Things We Found When the Water Went Down
- Cover of the first edition
- Author: Tegan Nia Swanson
- Cover artist: Dana Li
- Language: English
- Genre: Literary fiction
- Published: 2022 (Catapult)
- Publication date: December 6, 2022
- Publication place: United States
- Pages: 256 (paperback)
- ISBN: 9781646221707

= Things We Found When the Water Went Down =

2022 novel by Tegan Nia Swanson

Things We Found When the Water Went Down is a literary fiction novel by Tegan Nia Swanson. Published on December 6, 2022, it is Swanson's first novel.

== Plot ==
Marietta Abernathy is an environmental activist and recluse living in the fictional town of Beau Caelais. When Hugo Mitchum, a coal miner, is found murdered, Abernathy is named the number one suspect by the authorities. Abernathy herself quickly disappears, however, and her daughter Lena starts researching her mother's life and activism to try and find her.

== Development history ==
Swanson is a transformative justice activist and works with victims of abuse. Things We Found When the Water Went Down was developed out of her experience, exploring themes of grief, abuse, and trauma. Describing the novel's genesis, Swanson said that:

I was living in Iowa in grad school, which felt like a place that was kind of devoid of water; it felt very dry. I was both literally and metaphorically thirsty, and I felt a little claustrophobic and maybe even water sick. I started thinking about what it would mean to embody being so impacted by water, or lack thereof or too much of it.

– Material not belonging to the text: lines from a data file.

lemma semistable_nonvanishing_T_inv_monomial:
  assumes "semistable n \<xi>" "2 \<le> n"
  obtains ms where "ms \<noteq> []" "set ms \<subseteq> I2 n" "T_inv n ms" "monom_eval \<xi> ms \<noteq> 0"
proof -
  obtain k S c where "k > 0" "finite S"
    and S: "\<forall>ms\<in>S. set ms \<subseteq> I2 n \<and> length ms = k * (n div 2) \<and> T_inv n ms"
    and "(\<Sum>ms\<in>S. c ms * monom_eval \<xi> ms) \<noteq> 0"
    using assms(1) unfolding semistable_def by blast
  then obtain ms where "ms \<in> S" "monom_eval \<xi> ms \<noteq> 0"
    by (metis (no_types, lifting) mult_zero_right sum.neutral)
  moreover have "length ms > 0"
    using S \<open>ms \<in> S\<close> \<open>k > 0\<close> assms(2) by auto
  ultimately show ?thesis
    using S that by blast
qed

lemma T_inv_index_occurs:
  assumes "ms \<noteq> []" "set ms \<subseteq> I2 n" "T_inv n ms" "j \<in> {1..n}"
  shows "\<exists>(a,b)\<in>set ms. a = j \<or> b = j"
proof -
  obtain a b where ab: "(a,b) \<in> set ms"
    using assms(1) by (metis list.set_sel(1) surj_pair)
  then have "a \<in> {1..n}" "0 < weight ms a"
    using assms(2) by (auto simp: I2_def weight_pos_iff)
  then have "0 < weight ms j"
    using assms(3,4) unfolding T_inv_def by metis
  then show ?thesis
    by (simp add: weight_pos_iff)
qed

lemma semistable_schubert_plucker_diagonal_nonzero:
  assumes X: "schubert (2 * m) (m, 2 * m) \<xi>" and ss: "semistable (2 * m) \<xi>"
    and i: "1 \<le> i" "i \<le> m"
  shows "plucker \<xi> i (m + i) \<noteq> 0"
proof -
  obtain ms where ms: "ms \<noteq> []" "set ms \<subseteq> I2 (2 * m)" "T_inv (2 * m) ms" "monom_eval \<xi> ms \<noteq> 0"
    using semistable_nonvanishing_T_inv_monomial[OF ss] i by auto
  have factor_nonzero: "plucker \<xi> a b \<noteq> 0" if "(a,b) \<in> set ms" for a b
    using ms(4) that by (auto simp: monom_eval_eq_0_iff)
  have bounds: "1 \<le> a \<and> a \<le> m \<and> a < b \<and> b \<le> 2 * m" if ab: "(a,b) \<in> set ms" for a b
  proof -
    have "(a,b) \<in> I2 (2 * m)"
      using ms(2) ab by blast
    moreover have "pair_le (a,b) (m, 2 * m)"
      using schubert_plucker_nonzero_imp_le[OF X calculation factor_nonzero[OF ab]] .
    ultimately show ?thesis
      by (simp add: I2_def pair_le_def)
  qed
  have upper: "m < b" if "(a,b) \<in> set ms" for a b
    using T_inv_pairs_straddle_middle[OF ms(3) _ that] bounds by blast
  obtain b where ib: "(i, b) \<in> set ms"
  proof -
    obtain a' b where "(a',b) \<in> set ms" "a' = i \<or> b = i"
      using T_inv_index_occurs[OF ms(1-3), of i] i by auto
    with upper i that show thesis by force
  qed
  obtain a where ai: "(a, m + i) \<in> set ms"
  proof -
    obtain a b' where "(a,b') \<in> set ms" "a = m + i \<or> b' = m + i"
      using T_inv_index_occurs[OF ms(1-3), of "m + i"] i by auto
    with bounds i that show thesis by force
  qed
  have "plucker \<xi> b (m + i) = 0"
    using schubert_plucker_above_eq_0[OF X upper[OF ib]] bounds[OF ib] i by simp
  moreover have "plucker \<xi> i b * plucker \<xi> a (m + i) \<noteq> 0"
    using factor_nonzero ib ai by simp
  ultimately show ?thesis
    using plucker_three_term_relation[of \<xi> i b a "m + i"] by auto
qed

text \<open>The translate of X_1 by w, up to sign.\<close>

definition perm_monomial :: "nat \<Rightarrow> (nat \<Rightarrow> nat) \<Rightarrow> (nat \<times> nat) list" where
  "perm_monomial m w = map (\<lambda>i. (min (w i) (w (m + i)), max (w i) (w (m + i)))) [1..<m + 1]"

lemma X1_eq_perm_monomial_id: "X1 (2 * m) = perm_monomial m id"
  by (simp add: X1_def perm_monomial_def)

lemma set_perm_monomial_subset_I2:
  assumes w: "w permutes {1..2 * m}"
  shows "set (perm_monomial m w) \<subseteq> I2 (2 * m)"
proof
  fix p assume "p \<in> set (perm_monomial m w)"
  then obtain i where "i \<in> set [1..<m + 1]" and p: "p = (min (w i) (w (m + i)), max (w i) (w (m + i)))"
    unfolding perm_monomial_def set_map by blast
  then have i: "i \<in> {1..m}"
    by auto
  have "w i \<in> {1..2 * m}" "w (m + i) \<in> {1..2 * m}"
    using i permutes_in_image[OF w] by auto
  moreover have "w i \<noteq> w (m + i)"
    using i inj_eq[OF permutes_inj[OF w]] by simp
  ultimately show "p \<in> I2 (2 * m)"
    unfolding p I2_def by (simp add: min_def max_def)
qed

lemma sorted_perm_monomial:
  assumes "strict_mono_on {1..m} w" "strict_mono_on {m + 1..2 * m} w"
  shows "sorted_wrt pair_le (perm_monomial m w)"
  unfolding perm_monomial_def sorted_wrt_map
proof (rule sorted_wrt_mono_rel[OF _ sorted_wrt_upt])
  fix i j assume "i \<in> set [1..<m + 1]" "j \<in> set [1..<m + 1]" "i < j"
  then have "w i < w j" "w (m + i) < w (m + j)"
    using strict_mono_onD[OF assms(1), of i j] strict_mono_onD[OF assms(2), of "m + i" "m + j"] by auto
  then show "pair_le (min (w i) (w (m + i)), max (w i) (w (m + i))) (min (w j) (w (m + j)), max (w j) (w (m + j)))"
    by (auto simp: pair_le_def)
qed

=== Publication history ===
Things We Found When the Water Went Down was published on December 6, 2022, by Catapult.

== Reception ==
Foreword Reviews praised Swanson's prose and the unique format of the book, which combined journal entries, police interview transcripts, and artwork. Dana Dunham, writing in The Chicago Review of Books, said that Swanson was able to combine realistic writing with "a profound metaphorical exploration of trauma." Publishers Weekly praised the novel for containing compelling characters and noted the undertones of horror throughout the book. Kirkus Reviews praised Swanson's handling of the form shifts throughout the book and positively compared Swanson's writing to the visual art of Joseph Cornell. Booklist's Kathy Sexton was slightly more critical, writing that "the mash of genres doesn't always make for suspenseful reading" but recommended the novel for fans of experimental fiction.